那些官场老油条苦笑著回道,帮著如今有楚擎罩著的边军解决问题,不过没个腰子罢了,可要是没解决问题,容易没一户口本。
也是直到最近,马如敬和將军们才发现了一件事。
边关,真的变了,边军,再也不用看任何人的脸色,相反,原本他们需要看脸色的人,现在,要看他们的脸色,原因,只是因为两个字---楚擎。
“不能如此下去了!”
马如敬终於下定了决心,目光扫过帐內十余位將领。
“草原最近並未传来任何风吹草动,军务虽重,却也不会出什么紕漏,明日起,诸將与本帅,坐镇望原城,刚刚田海龙所言之事,皆是重中之重,那该死的陶胖子等人不管不顾,我等却不能冷眼旁观,建盖房屋、伐林、作坊、马场诸事,拖不得,我等暂且接手,待楚擎病癒后,再將差事交还他们。”
一听这话,將军们傻眼了。
田海龙咧著嘴,觉得老马同志最近有点飘啊。
自从楚擎到瞭望原城后,阿螺天天和跟屁虫似的跟在楚擎后面,即便如此,別说楚擎交代下去的差事了,很多时候楚擎说的话是什么意思他都听不懂,什么臥草,沙避,娶你马弟,各种专业术语,听都费劲,更別说做了。
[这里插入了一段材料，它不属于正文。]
(* Assume all $\lambda_k>0$ and $\mu_k>0$, and let $\bar X=(\bar X_{i,k})$ have the stationary distribution of the two-layer loss system with parameters $(m,n,\lambda,\mu)$. Then for each class $k$: $\mathrm{Erl}(m_k,\lambda_k/\mu_k)\le_{\mathrm{st}}\bar X_{1,k}+\bar X_{2,k}\le_{\mathrm{st}}\mathrm{Erl}(m_k+n,\lambda_k/\mu_k)$. Consequently, with $a_k=\mathbb{E}(\bar X_{1,k}+\bar X_{2,k})$, $\theta_k=\mu_k a_k$ and $b_k=P(\bar X\in B_k)$: $a_{\mathrm{Erl}}(m_k,\lambda_k/\mu_k)\le a_k\le a_{\mathrm{Erl}}(m_k+n,\lambda_k/\mu_k)$, $\mu_k a_{\mathrm{Erl}}(m_k,\lambda_k/\mu_k)\le\theta_k\le\mu_k a_{\mathrm{Erl}}(m_k+n,\lambda_k/\mu_k)$, $b_{\mathrm{Erl}}(m_k+n,\lambda_k/\mu_k)\le b_k\le b_{\mathrm{Erl}}(m_k,\lambda_k/\mu_k)$.
   Context: Two-layer loss system with parameters $(m,n,\lambda,\mu)$: Markov process on $S=\{x\in\mathbb{Z}_+^K\times\mathbb{Z}_+^K:x_{1,k}\le m_k\ \forall k,\ \sum_kx_{2,k}\le n\}$ ($x_{i,k}$ = number of class-$k$ customers at layer $i$) with transitions $x\mapsto x+e_{1,k}$ at rate $\lambda_k1(x_{1,k}<m_k)$, $x\mapsto x+e_{2,k}$ at rate $\lambda_k1(x_{1,k}=m_k,\sum_lx_{2,l}<n)$, $x\mapsto x-e_{i,k}$ at rate $\mu_kx_{i,k}$. $B_k=\{x\in S:x_{1,k}=m_k,\ \sum_lx_{2,l}=n\}$ is the set of states where class-$k$ arrivals are rejected, so $b_k$ is the class-$k$ blocking probability and $\theta_k$ the mean class-$k$ throughput (satisfying $\lambda_k(1-b_k)=\theta_k$). $\mathrm{Erl}(s,\rho)$ denotes a random variable on $\{0,\dots,s\}$ with $P(\mathrm{Erl}(s,\rho)=i)=\frac{\rho^i/i!}{\sum_{j=0}^s\rho^j/j!}$; $a_{\mathrm{Erl}}(s,\rho)$ is its mean and $b_{\mathrm{Erl}}(s,\rho)=P(\mathrm{Erl}(s,\rho)=s)$ (Erlang B formula). $\le_{\mathrm{st}}$ between real random variables is the usual stochastic order. *)

theory Defs
  imports "HOL-Probability.Probability"
begin

text \<open>Classes are indexed by a finite type 'k. A state is a pair (x1, x2) of
  class-indexed counts: x1 k = customers of class k at layer 1, x2 k at layer 2.\<close>

type_synonym 'k state = "('k \<Rightarrow> nat) \<times> ('k \<Rightarrow> nat)"

definition tl_space :: "('k::finite \<Rightarrow> nat) \<Rightarrow> nat \<Rightarrow> 'k state set" where
  "tl_space m n = {x. (\<forall>k. fst x k \<le> m k) \<and> (\<Sum>l\<in>UNIV. snd x l) \<le> n}"

definition tl_rate :: "('k::finite \<Rightarrow> nat) \<Rightarrow> nat \<Rightarrow> ('k \<Rightarrow> real) \<Rightarrow> ('k \<Rightarrow> real)
    \<Rightarrow> 'k state \<Rightarrow> 'k state \<Rightarrow> real" where
  "tl_rate m n lam mu x y = (\<Sum>k\<in>UNIV.
      (if fst x k < m k \<and> y = ((fst x)(k := fst x k + 1), snd x) then lam k else 0)
    + (if fst x k = m k \<and> (\<Sum>l\<in>UNIV. snd x l) < n \<and> y = (fst x, (snd x)(k := snd x k + 1))
       then lam k else 0)
    + (if 0 < fst x k \<and> y = ((fst x)(k := fst x k - 1), snd x) then mu k * real (fst x k) else 0)
    + (if 0 < snd x k \<and> y = (fst x, (snd x)(k := snd x k - 1)) then mu k * real (snd x k) else 0))"

definition tl_stationary :: "('k::finite \<Rightarrow> nat) \<Rightarrow> nat \<Rightarrow> ('k \<Rightarrow> real) \<Rightarrow> ('k \<Rightarrow> real)
    \<Rightarrow> 'k state pmf \<Rightarrow> bool" where
  "tl_stationary m n lam mu p \<longleftrightarrow> set_pmf p \<subseteq> tl_space m n \<and>
     (\<forall>y\<in>tl_space m n. pmf p y * (\<Sum>z\<in>tl_space m n. tl_rate m n lam mu y z)
        = (\<Sum>x\<in>tl_space m n. pmf p x * tl_rate m n lam mu x y))"

definition tl_block :: "('k::finite \<Rightarrow> nat) \<Rightarrow> nat \<Rightarrow> 'k \<Rightarrow> 'k state set" where
  "tl_block m n k = {x \<in> tl_space m n. fst x k = m k \<and> (\<Sum>l\<in>UNIV. snd x l) = n}"

definition erl_pmf :: "nat \<Rightarrow> real \<Rightarrow> nat pmf" where
  "erl_pmf s rho = embed_pmf (\<lambda>i. if i \<le> s
      then (rho ^ i / fact i) / (\<Sum>j\<le>s. rho ^ j / fact j) else 0)"

definition a_erl :: "nat \<Rightarrow> real \<Rightarrow> real" where
  "a_erl s rho = measure_pmf.expectation (erl_pmf s rho) real"

definition b_erl :: "nat \<Rightarrow> real \<Rightarrow> real" where
  "b_erl s rho = pmf (erl_pmf s rho) s"

definition st_le :: "real pmf \<Rightarrow> real pmf \<Rightarrow> bool" where
  "st_le p q \<longleftrightarrow> (\<forall>t. measure_pmf.prob p {t<..} \<le> measure_pmf.prob q {t<..})"

end

theory Submission
  imports Defs
begin

text \<open>
  Fix a class \<open>k\<close> and let \<open>Z = X\<^sub>1\<^sub>,\<^sub>k + X\<^sub>2\<^sub>,\<^sub>k\<close> and \<open>\<rho> = \<lambda>\<^sub>k/\<mu>\<^sub>k\<close>.  Applying the stationarity
  (global balance) equations to test functions of \<open>Z\<close> shows that, in equilibrium, \<open>Z\<close> behaves
  like a birth-death process whose births are the accepted class-\<open>k\<close> arrivals.  The test function
  \<open>1(Z \<le> z)\<close> yields the cut inequalities \<open>(z+1)\<cdot>P(Z=z+1) \<le> \<rho>\<cdot>P(Z=z)\<close>, with equality for
  \<open>z < m\<^sub>k\<close> because arrivals are never blocked there.  Hence \<open>P(Z=z)/(\<rho>\<^sup>z/z!)\<close> is
  nonincreasing and constant on \<open>{0..m\<^sub>k}\<close>, which puts the law of \<open>Z\<close> between \<open>Erl(m\<^sub>k,\<rho>)\<close> and
  \<open>Erl(m\<^sub>k+n,\<rho>)\<close> in the likelihood-ratio order, and so in the stochastic order and in mean.
  The test function \<open>Z\<close> gives the flow balance \<open>\<lambda>\<^sub>k(1-b\<^sub>k) = \<mu>\<^sub>k\<cdot>E Z\<close>; combined with the
  corresponding identity for the Erlang distribution it turns the mean bounds into the bounds on
  the blocking probability.
\<close>

lemma expectation_finite_support:
  assumes "finite S" "set_pmf q \<subseteq> S"
  shows "measure_pmf.expectation q f = (\<Sum>x\<in>S. f x * pmf q x)"
  by (rule integral_measure_pmf_real) (use assms in auto)

lemma prob_finite_support:
  assumes "finite S" "set_pmf q \<subseteq> S"
  shows "measure_pmf.prob q A = (\<Sum>x\<in>S. if x \<in> A then pmf q x else 0)"
proof -
  have "measure_pmf.prob q A = measure_pmf.expectation q (indicator A)" by simp
  also have "\<dots> = (\<Sum>x\<in>S. indicator A x * pmf q x)"
    by (rule expectation_finite_support[OF assms])
  finally show ?thesis by (auto simp: indicator_def intro!: sum.cong)
qed

lemma prob_eq_on_support:
  "A \<inter> set_pmf p = B \<inter> set_pmf p \<Longrightarrow> measure_pmf.prob p A = measure_pmf.prob p B"
  by (metis measure_Int_set_pmf)

definition erl_weight :: "real \<Rightarrow> nat \<Rightarrow> real" where
  "erl_weight rho i = rho ^ i / fact i"

lemma erl_weight_pos: "rho > 0 \<Longrightarrow> erl_weight rho i > 0"
  unfolding erl_weight_def by simp

lemma erl_weight_sum_pos: "rho > 0 \<Longrightarrow> (\<Sum>j\<le>s. erl_weight rho j) > 0"
  by (rule sum_pos2[where i=0]) (auto intro: less_imp_le erl_weight_pos)

text \<open>The weights satisfy the detailed balance relation of an M/M/\<open>\<infinity>\<close> queue.\<close>
lemma erl_weight_Suc: "real (Suc i) * erl_weight rho (Suc i) = rho * erl_weight rho i"
  unfolding erl_weight_def fact_Suc by (simp del: of_nat_Suc)

lemma pmf_erl_pmf:
  assumes "rho > 0"
  shows "pmf (erl_pmf s rho) i
    = (if i \<le> s then erl_weight rho i / (\<Sum>j\<le>s. erl_weight rho j) else 0)"
proof -
  let ?E = "\<Sum>j\<le>s. erl_weight rho j"
  let ?f = "\<lambda>i. if i \<le> s then erl_weight rho i / ?E else 0"
  have nonneg: "0 \<le> ?f i" for i
    using erl_weight_pos[OF assms] erl_weight_sum_pos[OF assms] by (simp add: less_imp_le)
  have "(\<integral>\<^sup>+x. ennreal (?f x) \<partial>count_space UNIV) = (\<Sum>x\<le>s. ennreal (?f x))"
    by (subst nn_integral_count_space'[of "{..s}"]) auto
  also have "\<dots> = ennreal (\<Sum>x\<le>s. ?f x)"
    by (rule sum_ennreal[OF nonneg])
  also have "(\<Sum>x\<le>s. ?f x) = 1"
    using erl_weight_sum_pos[OF assms, of s] by (simp flip: sum_divide_distrib)
  finally show ?thesis
    unfolding erl_pmf_def erl_weight_def[symmetric]
    using nonneg by (subst pmf_embed_pmf) auto
qed

lemma set_pmf_erl_pmf: "rho > 0 \<Longrightarrow> set_pmf (erl_pmf s rho) \<subseteq> {..s}"
  by (auto simp: set_pmf_iff pmf_erl_pmf split: if_splits)

text \<open>Since \<open>i\<cdot>\<rho>\<^sup>i/i! = \<rho>\<cdot>\<rho>\<^sup>i\<^sup>-\<^sup>1/(i-1)!\<close>, the first moment of the weights on \<open>{0..s}\<close> is
  \<open>\<rho>\<close> times their total mass without the top weight.\<close>
lemma erl_weight_mean_sum:
  "(\<Sum>i\<le>s. real i * erl_weight rho i) = rho * ((\<Sum>i\<le>s. erl_weight rho i) - erl_weight rho s)"
proof (induction s)
  case (Suc s)
  have "(\<Sum>i\<le>Suc s. real i * erl_weight rho i)
      = (\<Sum>i\<le>s. real i * erl_weight rho i) + real (Suc s) * erl_weight rho (Suc s)"
    by (rule sum.atMost_Suc)
  also have "\<dots> = rho * ((\<Sum>i\<le>s. erl_weight rho i) - erl_weight rho s) + rho * erl_weight rho s"
    by (simp only: Suc.IH erl_weight_Suc)
  finally show ?case by (simp add: algebra_simps)
qed (simp add: erl_weight_def)

lemma a_erl_eq_b_erl:
  assumes "rho > 0"
  shows "a_erl s rho = rho * (1 - b_erl s rho)"
proof -
  let ?E = "\<Sum>j\<le>s. erl_weight rho j"
  have "a_erl s rho = (\<Sum>z\<le>s. real z * pmf (erl_pmf s rho) z)"
    unfolding a_erl_def by (rule expectation_finite_support[OF _ set_pmf_erl_pmf[OF assms]]) simp
  also have "\<dots> = (\<Sum>z\<le>s. real z * erl_weight rho z) / ?E"
    by (simp add: pmf_erl_pmf[OF assms] sum_divide_distrib)
  also have "\<dots> = rho * (1 - erl_weight rho s / ?E)"
    using erl_weight_sum_pos[OF assms, of s] by (simp add: erl_weight_mean_sum field_simps)
  also have "erl_weight rho s / ?E = b_erl s rho"
    unfolding b_erl_def pmf_erl_pmf[OF assms] by simp
  finally show ?thesis .
qed

text \<open>Likelihood-ratio order on distributions over \<open>\<nat>\<close>: \<open>q\<^sub>2/q\<^sub>1\<close> is nondecreasing.\<close>
definition lr_le :: "nat pmf \<Rightarrow> nat pmf \<Rightarrow> bool" where
  "lr_le q1 q2 \<longleftrightarrow> (\<forall>a b. b < a \<longrightarrow> pmf q1 a * pmf q2 b \<le> pmf q1 b * pmf q2 a)"

text \<open>The likelihood-ratio order implies the stochastic order on upward closed sets:
  the probability mass of \<open>U\<times>U\<^sup>c\<close> under \<open>q\<^sub>1\<otimes>q\<^sub>2\<close> is at most that under \<open>q\<^sub>2\<otimes>q\<^sub>1\<close>.\<close>
lemma lr_le_upset:
  assumes lr: "lr_le q1 q2"
    and supp1: "set_pmf q1 \<subseteq> {..N}" and supp2: "set_pmf q2 \<subseteq> {..N}"
    and up: "\<And>a b. b \<in> U \<Longrightarrow> b \<le> a \<Longrightarrow> a \<in> U"
  shows "measure_pmf.prob q1 U \<le> measure_pmf.prob q2 U"
proof -
  define I where "I = {..N} \<inter> U"
  define J where "J = {..N} - U"
  have prob_U: "measure_pmf.prob q U = sum (pmf q) I"
    and prob_not_U: "sum (pmf q) J = 1 - measure_pmf.prob q U"
    if "set_pmf q \<subseteq> {..N}" for q
  proof -
    show "measure_pmf.prob q U = sum (pmf q) I"
      using prob_finite_support[OF _ that, of U] by (simp add: I_def sum.inter_restrict)
    moreover have "sum (pmf q) {..N} = 1"
      using sum_pmf_eq_1[OF _ that] by simp
    ultimately show "sum (pmf q) J = 1 - measure_pmf.prob q U"
      unfolding I_def J_def by (simp add: sum.Int_Diff[of "{..N}" _ U])
  qed
  let ?u1 = "measure_pmf.prob q1 U" and ?u2 = "measure_pmf.prob q2 U"
  have "?u1 * (1 - ?u2) = (\<Sum>a\<in>I. \<Sum>b\<in>J. pmf q1 a * pmf q2 b)"
    by (simp add: prob_U[OF supp1] flip: prob_not_U[OF supp2] sum_product)
  also have "\<dots> \<le> (\<Sum>a\<in>I. \<Sum>b\<in>J. pmf q2 a * pmf q1 b)"
  proof (intro sum_mono)
    fix a b assume "a \<in> I" "b \<in> J"
    then have "b < a"
      using up[of a b] unfolding I_def J_def by (meson Diff_iff IntD2 not_le less_imp_le)
    then show "pmf q1 a * pmf q2 b \<le> pmf q2 a * pmf q1 b"
      using lr unfolding lr_le_def by (simp add: mult.commute)
  qed
  also have "\<dots> = ?u2 * (1 - ?u1)"
    by (simp add: prob_U[OF supp2] flip: prob_not_U[OF supp1] sum_product)
  finally show ?thesis by (simp add: algebra_simps)
qed

text \<open>Tails \<open>{z. t < z}\<close> are upward closed, giving the usual stochastic order.\<close>
lemma lr_le_st_le:
  assumes "lr_le q1 q2" "set_pmf q1 \<subseteq> {..N}" "set_pmf q2 \<subseteq> {..N}"
  shows "st_le (map_pmf real q1) (map_pmf real q2)"
  unfolding st_le_def measure_map_pmf
  by (intro allI lr_le_upset[OF assms]) auto

lemma expectation_tail_sum:
  assumes supp: "set_pmf q \<subseteq> {..N}"
  shows "measure_pmf.expectation q real = (\<Sum>j\<in>{1..N}. measure_pmf.prob q {j..})"
proof -
  have "(\<Sum>j\<in>{1..N}. measure_pmf.prob q {j..})
      = (\<Sum>j\<in>{1..N}. \<Sum>z\<le>N. if j \<le> z then pmf q z else 0)"
    by (simp add: prob_finite_support[OF _ supp])
  also have "\<dots> = (\<Sum>z\<le>N. \<Sum>j\<in>{1..N}. if j \<le> z then pmf q z else 0)"
    by (rule sum.swap)
  also have "\<dots> = (\<Sum>z\<le>N. real z * pmf q z)"
  proof (rule sum.cong[OF refl])
    fix z assume "z \<in> {..N}"
    then have "{j\<in>{1..N}. j \<le> z} = {1..z}" by auto
    then show "(\<Sum>j\<in>{1..N}. if j \<le> z then pmf q z else 0) = real z * pmf q z"
      by (simp add: sum.inter_filter[symmetric])
  qed
  also have "\<dots> = measure_pmf.expectation q real"
    by (rule expectation_finite_support[OF _ supp, symmetric]) simp
  finally show ?thesis ..
qed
望著將军们,马如敬强顏欢笑道:“我等卫戍边关,什么场面没见过,区区民生治理罢了,又有何难,本帅这边將差事交於你们,难道咱们这些沙场老將,还不如一群嘴上无毛的少年人吗。”
眾將齐齐点头。
是的,我们真的不如那群嘴上无毛的少年人。
马如敬继续鼓舞士气:“只要楚家小子在望原城一日,百姓的工钱照样发放,田海龙刚刚也是说了,非是难事,钱,无需担忧,人,亦有,我等还可调动边军,天时地利人和,皆占…说不定,我等接了手,比那楚擎等人做的还要好。”
说完后,马如敬突然觉得,好像还真是这么一回事。
钱,不用操心,陶蔚然按时发放,人呢,望原城那么多百姓,调动些边军也行。
这么一想,马如敬突然有了该死的胜负欲,咧嘴乐了:“好,咱们边军,就让那楚家小子刮目相看,让他知晓知晓,咱们边军可不比这些京中来的阔少爷差上多少。”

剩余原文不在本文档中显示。